*** Opening of Information shown ***
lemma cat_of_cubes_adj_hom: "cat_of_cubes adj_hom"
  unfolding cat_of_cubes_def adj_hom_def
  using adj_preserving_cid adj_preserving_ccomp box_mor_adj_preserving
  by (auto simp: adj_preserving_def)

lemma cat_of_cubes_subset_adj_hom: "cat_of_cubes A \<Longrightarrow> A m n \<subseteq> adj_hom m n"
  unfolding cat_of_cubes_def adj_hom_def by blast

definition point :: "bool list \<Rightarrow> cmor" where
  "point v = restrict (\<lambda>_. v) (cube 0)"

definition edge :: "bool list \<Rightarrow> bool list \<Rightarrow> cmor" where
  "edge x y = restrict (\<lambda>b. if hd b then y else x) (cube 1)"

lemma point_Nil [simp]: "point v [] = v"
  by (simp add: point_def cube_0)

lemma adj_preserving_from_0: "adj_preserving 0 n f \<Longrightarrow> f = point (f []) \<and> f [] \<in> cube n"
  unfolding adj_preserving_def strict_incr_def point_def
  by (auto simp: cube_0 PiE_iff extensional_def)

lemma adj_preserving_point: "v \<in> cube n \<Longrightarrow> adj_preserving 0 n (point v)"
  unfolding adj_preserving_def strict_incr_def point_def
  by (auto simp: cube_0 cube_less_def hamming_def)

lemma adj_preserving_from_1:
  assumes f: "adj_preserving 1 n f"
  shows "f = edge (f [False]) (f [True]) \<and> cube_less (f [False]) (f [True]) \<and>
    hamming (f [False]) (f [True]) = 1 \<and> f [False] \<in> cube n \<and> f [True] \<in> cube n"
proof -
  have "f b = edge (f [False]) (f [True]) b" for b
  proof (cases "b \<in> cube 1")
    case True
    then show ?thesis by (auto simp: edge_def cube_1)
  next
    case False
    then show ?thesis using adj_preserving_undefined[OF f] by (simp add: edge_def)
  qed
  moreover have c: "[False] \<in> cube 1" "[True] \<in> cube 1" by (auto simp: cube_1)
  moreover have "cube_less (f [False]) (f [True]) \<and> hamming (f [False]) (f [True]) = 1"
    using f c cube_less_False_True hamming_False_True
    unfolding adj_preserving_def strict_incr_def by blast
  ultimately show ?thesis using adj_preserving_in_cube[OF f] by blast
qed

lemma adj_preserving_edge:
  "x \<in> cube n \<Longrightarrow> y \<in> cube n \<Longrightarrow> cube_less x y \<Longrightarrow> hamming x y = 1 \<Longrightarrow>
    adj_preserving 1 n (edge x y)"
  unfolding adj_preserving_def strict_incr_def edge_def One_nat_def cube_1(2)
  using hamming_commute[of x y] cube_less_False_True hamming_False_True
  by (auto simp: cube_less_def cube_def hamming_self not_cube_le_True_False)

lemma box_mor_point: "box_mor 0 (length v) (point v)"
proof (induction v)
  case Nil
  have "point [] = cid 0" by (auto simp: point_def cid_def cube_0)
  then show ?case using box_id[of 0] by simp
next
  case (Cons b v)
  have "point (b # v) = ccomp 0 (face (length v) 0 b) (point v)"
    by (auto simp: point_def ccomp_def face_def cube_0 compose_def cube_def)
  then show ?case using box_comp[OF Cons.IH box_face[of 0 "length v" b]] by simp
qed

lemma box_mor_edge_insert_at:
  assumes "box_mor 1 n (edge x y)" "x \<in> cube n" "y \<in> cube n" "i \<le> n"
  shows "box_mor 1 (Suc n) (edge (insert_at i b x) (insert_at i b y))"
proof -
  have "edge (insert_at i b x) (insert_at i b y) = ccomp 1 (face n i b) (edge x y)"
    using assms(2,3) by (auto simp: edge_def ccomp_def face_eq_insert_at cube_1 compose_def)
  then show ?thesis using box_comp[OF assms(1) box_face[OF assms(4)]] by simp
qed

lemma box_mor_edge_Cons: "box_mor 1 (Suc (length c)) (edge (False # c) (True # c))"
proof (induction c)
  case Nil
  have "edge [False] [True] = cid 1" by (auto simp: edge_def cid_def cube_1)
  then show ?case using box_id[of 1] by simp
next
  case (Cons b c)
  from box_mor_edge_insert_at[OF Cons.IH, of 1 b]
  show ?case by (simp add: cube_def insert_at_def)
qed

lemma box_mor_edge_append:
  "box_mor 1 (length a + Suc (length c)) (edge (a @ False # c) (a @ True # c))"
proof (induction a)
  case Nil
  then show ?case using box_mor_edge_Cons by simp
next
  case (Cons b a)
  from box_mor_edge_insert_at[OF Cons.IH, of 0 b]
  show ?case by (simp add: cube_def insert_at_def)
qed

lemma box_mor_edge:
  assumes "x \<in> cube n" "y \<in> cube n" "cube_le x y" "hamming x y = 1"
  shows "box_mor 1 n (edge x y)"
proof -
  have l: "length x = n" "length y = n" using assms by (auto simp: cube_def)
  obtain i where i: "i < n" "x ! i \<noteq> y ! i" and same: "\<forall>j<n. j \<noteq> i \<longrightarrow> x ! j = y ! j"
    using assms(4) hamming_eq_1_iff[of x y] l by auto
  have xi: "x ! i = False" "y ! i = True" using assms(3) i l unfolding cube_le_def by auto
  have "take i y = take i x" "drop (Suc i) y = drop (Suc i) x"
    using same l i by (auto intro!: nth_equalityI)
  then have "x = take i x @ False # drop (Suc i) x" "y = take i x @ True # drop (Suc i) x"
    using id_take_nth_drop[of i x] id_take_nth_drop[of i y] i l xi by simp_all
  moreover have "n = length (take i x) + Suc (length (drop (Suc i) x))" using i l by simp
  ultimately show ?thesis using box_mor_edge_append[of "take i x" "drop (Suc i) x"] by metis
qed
*** Close of Information shown ***
*** Opening of Information shown ***
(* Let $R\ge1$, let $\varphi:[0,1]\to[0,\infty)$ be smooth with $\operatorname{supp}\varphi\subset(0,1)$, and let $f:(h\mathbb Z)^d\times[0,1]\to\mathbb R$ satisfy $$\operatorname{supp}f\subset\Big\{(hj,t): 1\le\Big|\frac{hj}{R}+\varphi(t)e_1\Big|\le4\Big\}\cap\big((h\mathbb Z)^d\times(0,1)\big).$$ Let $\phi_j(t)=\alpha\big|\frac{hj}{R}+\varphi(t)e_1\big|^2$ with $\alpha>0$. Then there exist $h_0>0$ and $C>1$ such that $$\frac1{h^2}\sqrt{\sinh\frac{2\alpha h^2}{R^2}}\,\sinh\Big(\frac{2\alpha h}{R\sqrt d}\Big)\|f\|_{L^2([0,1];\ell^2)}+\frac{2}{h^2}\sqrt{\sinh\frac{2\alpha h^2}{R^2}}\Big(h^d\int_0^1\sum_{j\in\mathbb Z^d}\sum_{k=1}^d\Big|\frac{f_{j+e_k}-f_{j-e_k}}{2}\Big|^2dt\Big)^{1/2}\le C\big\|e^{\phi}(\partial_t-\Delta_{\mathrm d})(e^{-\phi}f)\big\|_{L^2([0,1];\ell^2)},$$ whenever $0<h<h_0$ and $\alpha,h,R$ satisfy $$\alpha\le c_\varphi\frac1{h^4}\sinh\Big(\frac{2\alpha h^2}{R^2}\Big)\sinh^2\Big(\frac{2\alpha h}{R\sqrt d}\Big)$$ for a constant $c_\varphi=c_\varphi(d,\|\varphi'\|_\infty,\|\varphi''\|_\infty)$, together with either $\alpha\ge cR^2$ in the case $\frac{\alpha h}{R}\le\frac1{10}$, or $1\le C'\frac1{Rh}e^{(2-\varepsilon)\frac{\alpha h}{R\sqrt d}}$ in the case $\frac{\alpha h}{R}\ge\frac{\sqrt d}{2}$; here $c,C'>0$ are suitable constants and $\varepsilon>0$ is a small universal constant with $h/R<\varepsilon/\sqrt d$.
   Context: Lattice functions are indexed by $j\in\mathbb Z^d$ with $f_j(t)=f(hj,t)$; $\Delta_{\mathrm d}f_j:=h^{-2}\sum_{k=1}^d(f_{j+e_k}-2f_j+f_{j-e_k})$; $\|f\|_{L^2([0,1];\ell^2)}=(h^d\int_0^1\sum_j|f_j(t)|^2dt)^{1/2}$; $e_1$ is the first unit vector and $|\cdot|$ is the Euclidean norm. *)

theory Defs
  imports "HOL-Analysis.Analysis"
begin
*** Close of Information shown ***
Task requirements:
Reproduce word for word the material above, starting with the line that has "[True]) \<and> hamming" and stopping after the line that has "using hamming_commute[of x".

Result of the exercise:
  moreover have "cube_less (f [False]) (f [True]) \<and> hamming (f [False]) (f [True]) = 1"
    using f c cube_less_False_True hamming_False_True
    unfolding adj_preserving_def strict_incr_def by blast
  ultimately show ?thesis using adj_preserving_in_cube[OF f] by blast
qed

lemma adj_preserving_edge:
  "x \<in> cube n \<Longrightarrow> y \<in> cube n \<Longrightarrow> cube_less x y \<Longrightarrow> hamming x y = 1 \<Longrightarrow>
    adj_preserving 1 n (edge x y)"
  unfolding adj_preserving_def strict_incr_def edge_def One_nat_def cube_1(2)
  using hamming_commute[of x y] cube_less_False_True hamming_False_True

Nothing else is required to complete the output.